Today, April 1, 2014 Systemic Lupus Erythematosus appeared in print, for the first time, and is now officially in my medical record. You would think after hearing so much talk of it from my Hematologist, Ophthalmologist, Rheumatologist’s assistant, and especially from my PCP (we have talked a lot about Lupus)  it wouldn’t have affected me the way it did. I was expecting to see it in print this week, just not today, not from Dr. C, my PCP. Today it caught me off guard. It was one of the rare appointments where the word Lupus wasn’t actually spoken, we talked about symptoms and flares, but the word wasn’t mentioned.

It’s funny, I’ve thought long and hard about how I would feel…in that moment, when I saw those words for the first time, because I knew it was coming. I just forgot to consider it might happen today when I went for my weekly PT/INR Check with Dr. C. I simply forgot to consider it might happen like this, and just like that its all too real again, too fast, too sudden, and it’s something I can’t run away from and I have no choice but to accept it, learn to live with it and endure. To fight the good fight, and live life to it’s fullest. In that moment, words of several appointments played through my head, conversations with family and friends resonated loudly, I was saddened, angered at why all of this is happening to me, and even a little relieved all at the same time. Because at least with Lupus, they know what to do with me.

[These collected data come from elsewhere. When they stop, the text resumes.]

theorem lemma3p2:
  fixes \<rho>1 \<sigma>1 q1 \<rho>2 \<sigma>2 q2 :: "real \<Rightarrow> real"
    and u ux v vx :: "real \<Rightarrow> real \<Rightarrow> real"
    and \<mu> :: "nat \<Rightarrow> real"
    and F :: "real \<Rightarrow> real"
  assumes H2: "H2_on (-1) 0 \<rho>1" "H2_on (-1) 0 \<sigma>1" "H2_on 0 1 \<rho>2" "H2_on 0 1 \<sigma>2"
    and pos: "uniformly_positive_on {-1..0} \<rho>1" "uniformly_positive_on {-1..0} \<sigma>1"
             "uniformly_positive_on {0..1} \<rho>2" "uniformly_positive_on {0..1} \<sigma>2"
    and L1: "q1 absolutely_integrable_on {-1..0}" "q2 absolutely_integrable_on {0..1}"
    and nonneg: "AE x in lborel. x \<in> {-1..0} \<longrightarrow> 0 \<le> q1 x"
                "AE x in lborel. x \<in> {0..1} \<longrightarrow> 0 \<le> q2 x"
    and u_sol: "\<And>lam. sl_solution \<sigma>1 q1 \<rho>1 (-1) 0 lam (u lam) (ux lam)"
    and u_init: "\<And>lam. u lam (-1) = 0" "\<And>lam. ux lam (-1) = 1"
    and v_sol: "\<And>lam. sl_solution \<sigma>2 q2 \<rho>2 0 1 lam (v lam) (vx lam)"
    and v_init: "\<And>lam. v lam 1 = 0" "\<And>lam. vx lam 1 = -1"
    and \<mu>_mono: "\<And>n. n \<ge> 1 \<Longrightarrow> \<mu> n \<le> \<mu> (Suc n)"
    and \<mu>_fin: "\<And>t. finite {n. n \<ge> 1 \<and> \<mu> n = t}"
    and \<mu>_count: "\<And>t. card {n. n \<ge> 1 \<and> \<mu> n = t} =
        (if dirichlet_eigenvalue \<sigma>1 q1 \<rho>1 (-1) 0 t then 1 else 0) +
        (if dirichlet_eigenvalue \<sigma>2 q2 \<rho>2 0 1 t then 1 else 0)"
    and F_def: "F \<equiv> (\<lambda>lam. (\<sigma>1 0 * v lam 0 * ux lam 0 - \<sigma>2 0 * u lam 0 * vx lam 0) / (u lam 0 * v lam 0))"
  shows "(\<forall>x\<in>{..<\<mu> 1}. \<forall>y\<in>{..<\<mu> 1}. x < y \<longrightarrow> F y < F x) \<and>
         filterlim F at_top at_bot \<and> filterlim F at_bot (at_left (\<mu> 1)) \<and>
         (\<forall>n\<ge>1. \<mu> n \<noteq> \<mu> (Suc n) \<longrightarrow>
            (\<forall>x\<in>{\<mu> n<..<\<mu> (Suc n)}. \<forall>y\<in>{\<mu> n<..<\<mu> (Suc n)}. x < y \<longrightarrow> F y < F x) \<and>
            filterlim F at_top (at_right (\<mu> n)) \<and> filterlim F at_bot (at_left (\<mu> (Suc n))))"
proof -
  obtain s1 r1 where left: "dirichlet_shooting (-1) 0 \<sigma>1 q1 \<rho>1 s1 u ux r1"
    by (rule dirichlet_shooting_intro[of "-1" 0 \<sigma>1 \<rho>1 q1 u ux])
      (use H2_on_imp_continuous_on H2 pos L1 integral_mult_nonneg_AE[OF nonneg(1) L1(1)] u_sol u_init in auto)
  obtain s2 r2 where right: "dirichlet_shooting (-1) 0 (\<lambda>x. \<sigma>2 (-x)) (\<lambda>x. q2 (-x)) (\<lambda>x. \<rho>2 (-x)) s2
      (\<lambda>l x. v l (-x)) (\<lambda>l x. - vx l (-x)) r2"
    by (rule dirichlet_shooting_reflect_intro[of 0 1 \<sigma>2 \<rho>2 q2 v vx])
      (use H2_on_imp_continuous_on H2 pos L1 nonneg v_sol v_init in auto)
  interpret interface_problem "-1" 0 \<sigma>1 q1 \<rho>1 s1 u ux r1 "\<lambda>x. \<sigma>2 (-x)" "\<lambda>x. q2 (-x)" "\<lambda>x. \<rho>2 (-x)" s2
      "\<lambda>l x. v l (-x)" "\<lambda>l x. - vx l (-x)" r2
    using left right by (rule interface_problem.intro)
  have pole_iff: "pole l \<longleftrightarrow> (\<exists>n\<ge>1. \<mu> n = l)" for l
  proof -
    have "pole l \<longleftrightarrow> dirichlet_eigenvalue \<sigma>1 q1 \<rho>1 (-1) 0 l \<or> dirichlet_eigenvalue \<sigma>2 q2 \<rho>2 0 1 l"
      using left.dirichlet_eigenvalue_iff right.dirichlet_eigenvalue_iff
        dirichlet_eigenvalue_reflect[where \<sigma>=\<sigma>2 and q=q2 and \<rho>=\<rho>2 and a=0 and b=1]
      unfolding pole_def by simp
    also have "\<dots> \<longleftrightarrow> card {n. n \<ge> 1 \<and> \<mu> n = l} \<noteq> 0"
      using \<mu>_count[of l] by simp
    also have "\<dots> \<longleftrightarrow> (\<exists>n\<ge>1. \<mu> n = l)"
      using \<mu>_fin[of l] by auto
    finally show ?thesis .
  qed
  have "F l = weyl_sum l" if "\<not> pole l" for l
    using that unfolding F_def pole_def weyl_sum_def left.weyl_m_def right.weyl_m_def
    by (simp add: field_simps)
  then show ?thesis
    by (rule monotone_between_poles[OF _ \<mu>_mono pole_iff])
qed

end
(* For x > 0, x is an equilibrium at parameter a iff a = A(x) := (x - r)(1 + x^n)/x^n, and the
   tangency conditions f = f_x = 0 hold iff moreover A'(x) = 0, i.e. x is a zero of
   x^(n+1) A'(x) = x^(n+1) - (n - 1) x + n r.  This polynomial is strictly convex on (0, oo), hence
   negative between its two zeros, so A decreases there: the tangency point p at a_c1 lies to the
   right of the tangency point q at a_c2.  As A(r) = 0 and A(x) >= x - r, the intermediate value
   theorem puts the other equilibrium at a_c1 below q < p and the other equilibrium at a_c2 above
   p > q, so p = x_2(a_c1) and q = x_1(a_c2).  Finally f_a = x^n/(1 + x^n) > 0, and f_xx vanishes at
   a tangency point only if x^n = (n - 1)/(n + 1), which forces a to be the excluded value. *)

lemma hill_rhs_has_real_derivative_x:
  assumes "x > 0"
  shows "((\<lambda>x. hill_rhs n r x a) has_real_derivative
           a * real n * x ^ (n - 1) / (1 + x ^ n)\<^sup>2 - 1) (at x)"
proof -
  have "1 + x ^ n > 0"
    using assms by (simp add: add_pos_nonneg)
  then show ?thesis
    unfolding hill_rhs_def
    by (auto intro!: derivative_eq_intros simp: field_simps power2_eq_square)
qed

lemma deriv_hill_rhs_x:
  "x > 0 \<Longrightarrow> deriv (\<lambda>x. hill_rhs n r x a) x = a * real n * x ^ (n - 1) / (1 + x ^ n)\<^sup>2 - 1"
  by (rule DERIV_imp_deriv[OF hill_rhs_has_real_derivative_x])

lemma deriv_hill_rhs_a: "deriv (\<lambda>a. hill_rhs n r x a) a = x ^ n / (1 + x ^ n)"
proof -
  define c where "c = x ^ n / (1 + x ^ n)"
  have "(\<lambda>a. hill_rhs n r x a) = (\<lambda>a. a * c - x + r)"
    by (simp add: hill_rhs_def c_def fun_eq_iff)
  moreover have "((\<lambda>a. a * c - x + r) has_real_derivative c) (at a)"
    by (auto intro!: derivative_eq_intros)
  ultimately show ?thesis
    unfolding c_def by (metis DERIV_imp_deriv)
qed
section \<open>Barriers from the divergence of the integral of 1/f\<close>

lemma primitive_of_inverse_along_solution:
  fixes u u' m :: "real \<Rightarrow> real"
  assumes uc: "continuous_on {0..1} u"
    and ud: "\<And>s. 0 < s \<Longrightarrow> s < 1 \<Longrightarrow> (u has_real_derivative u' s) (at s)"
    and ub: "\<And>s. 0 < s \<Longrightarrow> s < 1 \<Longrightarrow> \<bar>u' s\<bar> \<le> m (u s)"
    and mc: "continuous_on UNIV m" and mp: "\<And>w. m w > 0"
    and lohi: "\<And>s. 0 \<le> s \<Longrightarrow> s \<le> 1 \<Longrightarrow> lo < u s \<and> u s < hi"
    and t: "0 \<le> t" "t \<le> 1"
  shows "\<bar>integral {lo..u t} (\<lambda>w. 1 / m w) - integral {lo..u 0} (\<lambda>w. 1 / m w)\<bar> \<le> 1"
proof -
  define g where "g = (\<lambda>w. 1 / m w)"
  define H where "H = (\<lambda>w. integral {lo..w} g)"
  have gc: "continuous_on S g" for S unfolding g_def
    using mp by (intro continuous_intros continuous_on_subset[OF mc]) (auto simp: less_imp_neq[symmetric])
  have Hd: "(H has_real_derivative g w) (at w)" if "lo < w" "w < hi" for w
  proof -
    have "(H has_real_derivative g w) (at w within {lo..hi})"
      unfolding H_def by (rule integral_has_real_derivative[OF gc]) (use that in auto)
    then show ?thesis using that by (subst (asm) at_within_interior) auto
  qed
  have Hc: "continuous_on {lo..hi} H" unfolding H_def
    by (rule indefinite_integral_continuous_1[OF integrable_continuous_interval[OF gc]])
  show ?thesis
  proof (cases "t = 0")
    case True then show ?thesis by simp
  next
    case False
    then have t0: "0 < t" using t by simp
    have sub: "u ` {0..t} \<subseteq> {lo..hi}"
    proof safe
      fix s assume "s \<in> {0..t}"
      then have "lo < u s \<and> u s < hi" using lohi t by auto
      then show "u s \<in> {lo..hi}" by auto
    qed
    have Huc: "continuous_on {0..t} (\<lambda>s. H (u s))"
      by (rule continuous_on_compose2[OF Hc continuous_on_subset[OF uc] sub]) (use t in auto)
    have Hud: "((\<lambda>s. H (u s)) has_real_derivative g (u s) * u' s) (at s)" if "0 < s" "s < t" for s
      using DERIV_chain2[OF Hd ud] lohi[of s] that t by auto
    from MVT[OF t0 Huc] Hud obtain l z where z: "0 < z" "z < t" "((\<lambda>s. H (u s)) has_real_derivative l) (at z)"
      "H (u t) - H (u 0) = (t - 0) * l" by (metis real_differentiable_def)
    have "l = g (u z) * u' z" using DERIV_unique[OF z(3) Hud[OF z(1,2)]] .
    moreover have "\<bar>g (u z) * u' z\<bar> \<le> 1"
    proof -
      have "\<bar>u' z\<bar> \<le> m (u z)" using ub z t by auto
      then show ?thesis unfolding g_def using mp[of "u z"] by (simp add: abs_mult field_simps)
    qed
    ultimately have "\<bar>H (u t) - H (u 0)\<bar> \<le> t * 1" using z(4) t
      by (metis abs_mult abs_of_nonneg mult_left_mono diff_zero)
    then show ?thesis using t unfolding H_def g_def by simp
  qed
qed

lemma integral_inverse_crossed_le_one:
  fixes u u' m :: "real \<Rightarrow> real"
  assumes uc: "continuous_on {0..1} u"
    and ud: "\<And>s. 0 < s \<Longrightarrow> s < 1 \<Longrightarrow> (u has_real_derivative u' s) (at s)"
    and ub: "\<And>s. 0 < s \<Longrightarrow> s < 1 \<Longrightarrow> \<bar>u' s\<bar> \<le> m (u s)"
    and mc: "continuous_on UNIV m" and mp: "\<And>w. m w > 0"
    and t: "0 \<le> t" "t \<le> 1"
  shows "u t \<le> a \<Longrightarrow> a \<le> u 0 \<Longrightarrow> integral {a..u 0} (\<lambda>w. 1 / m w) \<le> 1"
    and "u 0 \<le> a \<Longrightarrow> a \<le> u t \<Longrightarrow> integral {u 0..a} (\<lambda>w. 1 / m w) \<le> 1"
proof -
  define g where "g = (\<lambda>w. 1 / m w)"
  have gc: "continuous_on S g" for S unfolding g_def
    using mp by (intro continuous_intros continuous_on_subset[OF mc]) (auto simp: less_imp_neq[symmetric])
  have gi: "g integrable_on {x..y}" for x y by (rule integrable_continuous_interval[OF gc])
  have gp: "g w \<ge> 0" for w unfolding g_def using mp[of w] by simp
  have "bounded (u ` {0..1})" using compact_continuous_image[OF uc compact_Icc] compact_imp_bounded by blast
  then obtain R where R: "\<And>s. s \<in> {0..1} \<Longrightarrow> \<bar>u s\<bar> \<le> R"
    unfolding bounded_iff by force
  define lo where "lo = - R - \<bar>a\<bar> - 1"
  define hi where "hi = R + \<bar>a\<bar> + 1"
  have lohi: "lo < u s \<and> u s < hi" if "0 \<le> s" "s \<le> 1" for s
    using R[of s] that unfolding lo_def hi_def by auto
  have alo: "lo < a" unfolding lo_def using R[of 0] by auto
  have core: "\<bar>integral {lo..u t} g - integral {lo..u 0} g\<bar> \<le> 1"
    using primitive_of_inverse_along_solution[OF uc ud ub mc mp lohi t] unfolding g_def by blast
  have comb: "integral {lo..x} g + integral {x..y} g = integral {lo..y} g" if "lo \<le> x" "x \<le> y" for x y
    by (rule Henstock_Kurzweil_Integration.integral_combine[OF that gi])
  show "u t \<le> a \<Longrightarrow> a \<le> u 0 \<Longrightarrow> integral {a..u 0} (\<lambda>w. 1 / m w) \<le> 1"
  proof -
    assume a: "u t \<le> a" "a \<le> u 0"
    have "integral {u t..a} g \<ge> 0" by (rule integral_nonneg[OF gi]) (use gp in auto)
    moreover have "integral {lo..u t} g + integral {u t..a} g = integral {lo..a} g"
      using comb a lohi t by (meson less_imp_le)
    moreover have "integral {lo..a} g + integral {a..u 0} g = integral {lo..u 0} g"
      using comb a alo by (meson less_imp_le)
    ultimately show ?thesis using core unfolding g_def by linarith
  qed
  show "u 0 \<le> a \<Longrightarrow> a \<le> u t \<Longrightarrow> integral {u 0..a} (\<lambda>w. 1 / m w) \<le> 1"
  proof -
    assume a: "u 0 \<le> a" "a \<le> u t"
    have "integral {a..u t} g \<ge> 0" by (rule integral_nonneg[OF gi]) (use gp in auto)
    moreover have "integral {lo..u 0} g + integral {u 0..a} g = integral {lo..a} g"
      using comb a lohi[of 0] by (meson less_imp_le order_refl zero_le_one)
    moreover have "integral {lo..a} g + integral {a..u t} g = integral {lo..u t} g"
      using comb a alo by (meson less_imp_le)
    ultimately show ?thesis using core unfolding g_def by linarith
  qed
qed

It worked out this way for a reason I know. After processing this for a few hours, I’m glad it was Dr. C that it came from. I have at least a little history with him. I will be meeting my Rheumatologist Thursday for the first time at my follow-up appointment. At least this way, I won’t be emotional in front of a doctor I’ve just met for the first time, because I still have an issue with crying in front of people I have just met. I am thankful to Dr. C for being the one to do this, he has unknowingly made the rest of this week a lot less stressful for me.

Dr. C said something at my appointment today on getting back to a point where I can focus on who Nicole is outside all of the medical stuff going on. This conversation was brought up because I told him I was at a point where talking to a psychologist/counselor would be beneficial, that things had finally calmed down enough that I was starting to process things and needed help. He knows I’ve found some amazing support groups relating to Antiphospholipid Syndrome and Lupus so he didn’t think we needed to focus on support that focused around medical conditions at this time. His words though…focus on who Nicole is, I just hope I can remember.

I know one thing that still remains the same as for who I am, my desire to help others. I will focus on that, and start seeking out ways I can do that. It will at least give me something to do with the energy and give me something to focus on.